A successful songwriter, Feist is reluctant to talk about the process of songwriting. She compares it to kissing–she likes to daydream about it, but she doesn’t want to think about the play-by-play.
“Somehow I can turn a phrase or a reflection from bitter to bittersweet,” she says. “The alchemy of storytelling is what’s interesting to me, but it’s definitely nothing I can put a finger on–and I prefer it that way.”
Intuition
As for the influences behind her music, Feist is also reticent to discuss specifics. She refers to human interactions, reading, and what she watches and listens to as pieces of a jigsaw puzzle that she’s slowly piecing together. “We’re all sponges,” she says, “and we’re soaking up everything from our environment.”
Despite her five-award haul at the Junos, Feist doesn’t feel as if she’s made it as a performer. She sees each gig as justifying the next–the good ones are motivating, but the bad ones inspire her to change and improve.
“I guess to say ‘made it’ means that there was always an end in sight or some kind of destination that drives the whole process, but I was never aiming anywhere,” Feist reflects.
Despite her purported aimlessness, music has taken Feist to a diversity of places–from Carnegie Hall to Sesame Street, where she met Oscar and Grover and performed her hit song “1234.” In May she performed at the 15th Rainforest Foundation Fund’s benefit concert in New York, organized by Sting and his wife Trudie Styler.
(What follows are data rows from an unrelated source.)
lemma lim_eventually_eq_finite:
  assumes "finite P" "l \<in> I"
    and "P \<subseteq> {(a, b). a \<in> carrier (Ms l) \<and> b \<in> carrier (Ms l) \<and> cls l a = cls l b}"
  shows "\<exists>q\<in>I. leq l q \<and> (\<forall>(a, b)\<in>P. \<psi> q l a = \<psi> q l b)"
  using assms
proof (induction P rule: finite_induct)
  case empty
  then show ?case using leq_refl by blast
next
  case (insert ab P)
  obtain a b where ab: "ab = (a, b)" by force
  have "a \<in> carrier (Ms l)" "b \<in> carrier (Ms l)" "cls l a = cls l b"
    using insert.prems(2) ab by auto
  then have ab_rel: "((l, a), (l, b)) \<in> R" using insert.prems(1) cls_eq_iff by simp
  obtain q where q: "q \<in> I" "leq l q" "\<forall>(a, b)\<in>P. \<psi> q l a = \<psi> q l b"
    using insert.IH[OF insert.prems(1)] insert.prems(2) by auto
  obtain p where p: "p \<in> I" "leq q p" "\<psi> p l a = \<psi> p l b"
    using lim_rel_eventually_eq[OF ab_rel q(1,2,2)] by blast
  have lp: "leq l p" using leq_trans[OF insert.prems(1) q(1) p(1) q(2) p(2)] .
  have "\<psi> p l c = \<psi> p l d" if "(c, d) \<in> P" for c d
  proof -
    have "c \<in> carrier (Ms l)" "d \<in> carrier (Ms l)" using that insert.prems(2) by auto
    moreover have "\<psi> p q (\<psi> q l c) = \<psi> p q (\<psi> q l d)" using q(3) that by auto
    ultimately show ?thesis using psi_comp[OF insert.prems(1) q(1) p(1) q(2) p(2)] by simp
  qed
  then show ?case using p(1,3) lp ab by auto
qed

lemma lim_representatives:
  assumes "finite A" "A \<subseteq> carrier L"
  obtains l r where "l \<in> I" "r \<in> carrier L \<rightarrow> carrier (Ms l)" "\<And>a. a \<in> A \<Longrightarrow> cls l (r a) = a"
    "\<And>a b. a \<in> A \<Longrightarrow> b \<in> A \<Longrightarrow> cls l (r (a \<otimes>\<^bsub>L\<^esub> b)) = cls l (r a \<otimes>\<^bsub>Ms l\<^esub> r b)"
    "cls l (r \<one>\<^bsub>L\<^esub>) = cls l \<one>\<^bsub>Ms l\<^esub>"
proof -
  define A' where "A' = insert \<one>\<^bsub>L\<^esub> (A \<union> (\<lambda>(a, b). a \<otimes>\<^bsub>L\<^esub> b) ` (A \<times> A))"
  have A': "finite A'" "A' \<subseteq> carrier L" "A \<subseteq> A'" "\<one>\<^bsub>L\<^esub> \<in> A'"
    "\<And>a b. a \<in> A \<Longrightarrow> b \<in> A \<Longrightarrow> a \<otimes>\<^bsub>L\<^esub> b \<in> A'"
    using assms lim_one_closed lim_mult_closed unfolding A'_def by auto
  obtain l r0 where l: "l \<in> I" and r0_closed: "\<And>a. a \<in> A' \<Longrightarrow> r0 a \<in> carrier (Ms l)"
    and r0_cls: "\<And>a. a \<in> A' \<Longrightarrow> cls l (r0 a) = a"
    using lim_classes_common_level[OF A'(1,2)] by blast
  define r where "r a = (if a \<in> A' then r0 a else \<one>\<^bsub>Ms l\<^esub>)" for a
  have r_closed: "r a \<in> carrier (Ms l)" for a
    using r0_closed monoid.one_closed[OF monoid_Ms[OF l]] by (simp add: r_def)
  have r_cls: "cls l (r a) = a" if "a \<in> A'" for a
    using r0_cls that by (simp add: r_def)
  show thesis
  proof
    show "l \<in> I" "r \<in> carrier L \<rightarrow> carrier (Ms l)" using l r_closed by auto
    show "cls l (r a) = a" if "a \<in> A" for a using r_cls that A'(3) by blast
    show "cls l (r \<one>\<^bsub>L\<^esub>) = cls l \<one>\<^bsub>Ms l\<^esub>" using r_cls[OF A'(4)] lim_one[OF l] by simp
    fix a b assume ab: "a \<in> A" "b \<in> A"
    then have "a \<in> A'" "b \<in> A'" "a \<otimes>\<^bsub>L\<^esub> b \<in> A'" using A'(3,5) by auto
    then have "cls l (r (a \<otimes>\<^bsub>L\<^esub> b)) = cls l (r a) \<otimes>\<^bsub>L\<^esub> cls l (r b)"
      using r_cls by simp
    also have "\<dots> = cls l (r a \<otimes>\<^bsub>Ms l\<^esub> r b)"
      using lim_mult[of l "r a" l "r b" l] l leq_refl r_closed psi_id by simp
    finally show "cls l (r (a \<otimes>\<^bsub>L\<^esub> b)) = cls l (r a \<otimes>\<^bsub>Ms l\<^esub> r b)" .
  qed
qed

lemma lim_local_embedding:
  assumes "finite A" "A \<subseteq> carrier L"
  shows "\<exists>l\<in>I. \<exists>y. local_embedding L (Ms l) A y"
proof -
  obtain l0 r where l0: "l0 \<in> I" and r_closed: "r \<in> carrier L \<rightarrow> carrier (Ms l0)"
    and r_cls: "\<And>a. a \<in> A \<Longrightarrow> cls l0 (r a) = a"
    and r_mult: "\<And>a b. a \<in> A \<Longrightarrow> b \<in> A \<Longrightarrow> cls l0 (r (a \<otimes>\<^bsub>L\<^esub> b)) = cls l0 (r a \<otimes>\<^bsub>Ms l0\<^esub> r b)"
    and r_one: "cls l0 (r \<one>\<^bsub>L\<^esub>) = cls l0 \<one>\<^bsub>Ms l0\<^esub>"
    using lim_representatives[OF assms] by blast
  have closed: "r a \<in> carrier (Ms l0)" if "a \<in> carrier L" for a using r_closed that by blast
  have in_A: "a \<in> carrier L" if "a \<in> A" for a using assms(2) that by blast
  \<comment> \<open>The pairs that must become equal: they are only equivalent at level l0.\<close>
  define P where "P = insert (r \<one>\<^bsub>L\<^esub>, \<one>\<^bsub>Ms l0\<^esub>)
      ((\<lambda>(a, b). (r (a \<otimes>\<^bsub>L\<^esub> b), r a \<otimes>\<^bsub>Ms l0\<^esub> r b)) ` (A \<times> A))"
  let ?same_class = "{(c, d). c \<in> carrier (Ms l0) \<and> d \<in> carrier (Ms l0) \<and> cls l0 c = cls l0 d}"
  have "(r (a \<otimes>\<^bsub>L\<^esub> b), r a \<otimes>\<^bsub>Ms l0\<^esub> r b) \<in> ?same_class" if "a \<in> A" "b \<in> A" for a b
    using closed in_A that lim_mult_closed r_mult[OF that] monoid.m_closed[OF monoid_Ms[OF l0]] by simp
  then have "P \<subseteq> ?same_class"
    using closed[OF lim_one_closed] monoid.one_closed[OF monoid_Ms[OF l0]] r_one unfolding P_def by auto
  then obtain l where l: "l \<in> I" "leq l0 l" "\<forall>(c, d)\<in>P. \<psi> l l0 c = \<psi> l l0 d"
    using lim_eventually_eq_finite[of P l0] l0 assms(1) unfolding P_def by blast
  let ?y = "\<lambda>a. \<psi> l l0 (r a)"
  have "?y \<in> carrier L \<rightarrow> carrier (Ms l)" using closed l l0 psi_closed by auto
  moreover have "inj_on ?y A"
  proof (rule inj_onI)
    fix a b assume ab: "a \<in> A" "b \<in> A" "?y a = ?y b"
    then have "((l0, r a), (l0, r b)) \<in> R" using closed in_A l l0 unfolding lim_rel_iff by auto
    then have "cls l0 (r a) = cls l0 (r b)" using equiv_class_eq[OF lim_rel_equiv] by blast
    then show "a = b" using r_cls ab by simp
  qed
  moreover have "?y (a \<otimes>\<^bsub>L\<^esub> b) = ?y a \<otimes>\<^bsub>Ms l\<^esub> ?y b" if "a \<in> A" "b \<in> A" for a b
  proof -
    have "(r (a \<otimes>\<^bsub>L\<^esub> b), r a \<otimes>\<^bsub>Ms l0\<^esub> r b) \<in> P" using that unfolding P_def by auto
    then have "?y (a \<otimes>\<^bsub>L\<^esub> b) = \<psi> l l0 (r a \<otimes>\<^bsub>Ms l0\<^esub> r b)" using l(3) by auto
    then show ?thesis using that closed in_A psi_mult[OF l0 l(1,2)] by simp
  qed
  moreover have "?y \<one>\<^bsub>L\<^esub> = \<one>\<^bsub>Ms l\<^esub>"
    using l(3) psi_one[OF l0 l(1,2)] unfolding P_def by auto
  ultimately show ?thesis using l(1) unfolding local_embedding_def by blast
qed

end

theorem proposition3p10:
  fixes I :: "'i set" and leq :: "'i \<Rightarrow> 'i \<Rightarrow> bool"
    and Ms :: "'i \<Rightarrow> ('a, 'b) monoid_scheme" and \<psi> :: "'i \<Rightarrow> 'i \<Rightarrow> 'a \<Rightarrow> 'a"
    and M :: "('c, 'd) monoid_scheme"
  assumes "inductive_system I leq Ms \<psi>"
    and "\<forall>i\<in>I. sofic (Ms i)"
    and "monoid M"
    and "M \<cong> ind_limit I leq Ms \<psi>"
  shows "sofic M"
proof -
  interpret ind_system I leq Ms \<psi> by unfold_locales (fact assms(1))
  obtain h where h: "h \<in> iso M L" using assms(4) unfolding is_iso_def by auto
  have hom: "h \<in> hom M L" using h by (rule iso_imp_homomorphism)
  have h_one: "h \<one>\<^bsub>M\<^esub> = \<one>\<^bsub>L\<^esub>"
    using iso_one_right_unit[OF assms(3) h lim_one_closed lim_r_one] .
  have "\<exists>(N :: ('a, 'b) monoid_scheme) y. sofic N \<and> local_embedding M N K y"
    if K: "K \<subseteq> carrier M" "finite K" for K
  proof -
    have "finite (h ` K)" "h ` K \<subseteq> carrier L" using K hom_in_carrier[OF hom] by auto
    then obtain l y where l: "l \<in> I" and y: "local_embedding L (Ms l) (h ` K) y"
      using lim_local_embedding by blast
    have "local_embedding M (Ms l) K (y \<circ> h)"
      by (rule local_embedding_iso_comp[OF h h_one K(1) y])
    then show ?thesis using assms(2) l by blast
  qed
  then show ?thesis by (rule sofic_if_locally_embeddable)
qed

end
Standing underneath the freeway in Tulsa, Feist–still laughing–says, “I haven’t really arrived anywhere except where I woke up this morning. I really am fuelled by curiosity. I wonder, ‘Where am I going to wake up tomorrow?’ Each day justifies the next–so I’m still not there.”
Well on Her Way
Feist recently teamed up with indie rock band The Constantines from Guelph, Ontario to record a duet of the Bee Gees’ song Islands in the Stream. It was a hit country music single for Kenny Rogers and Dolly Parton in 1983; undoubtedly Feist and lead singer Bryan Webb have put a new spin on it.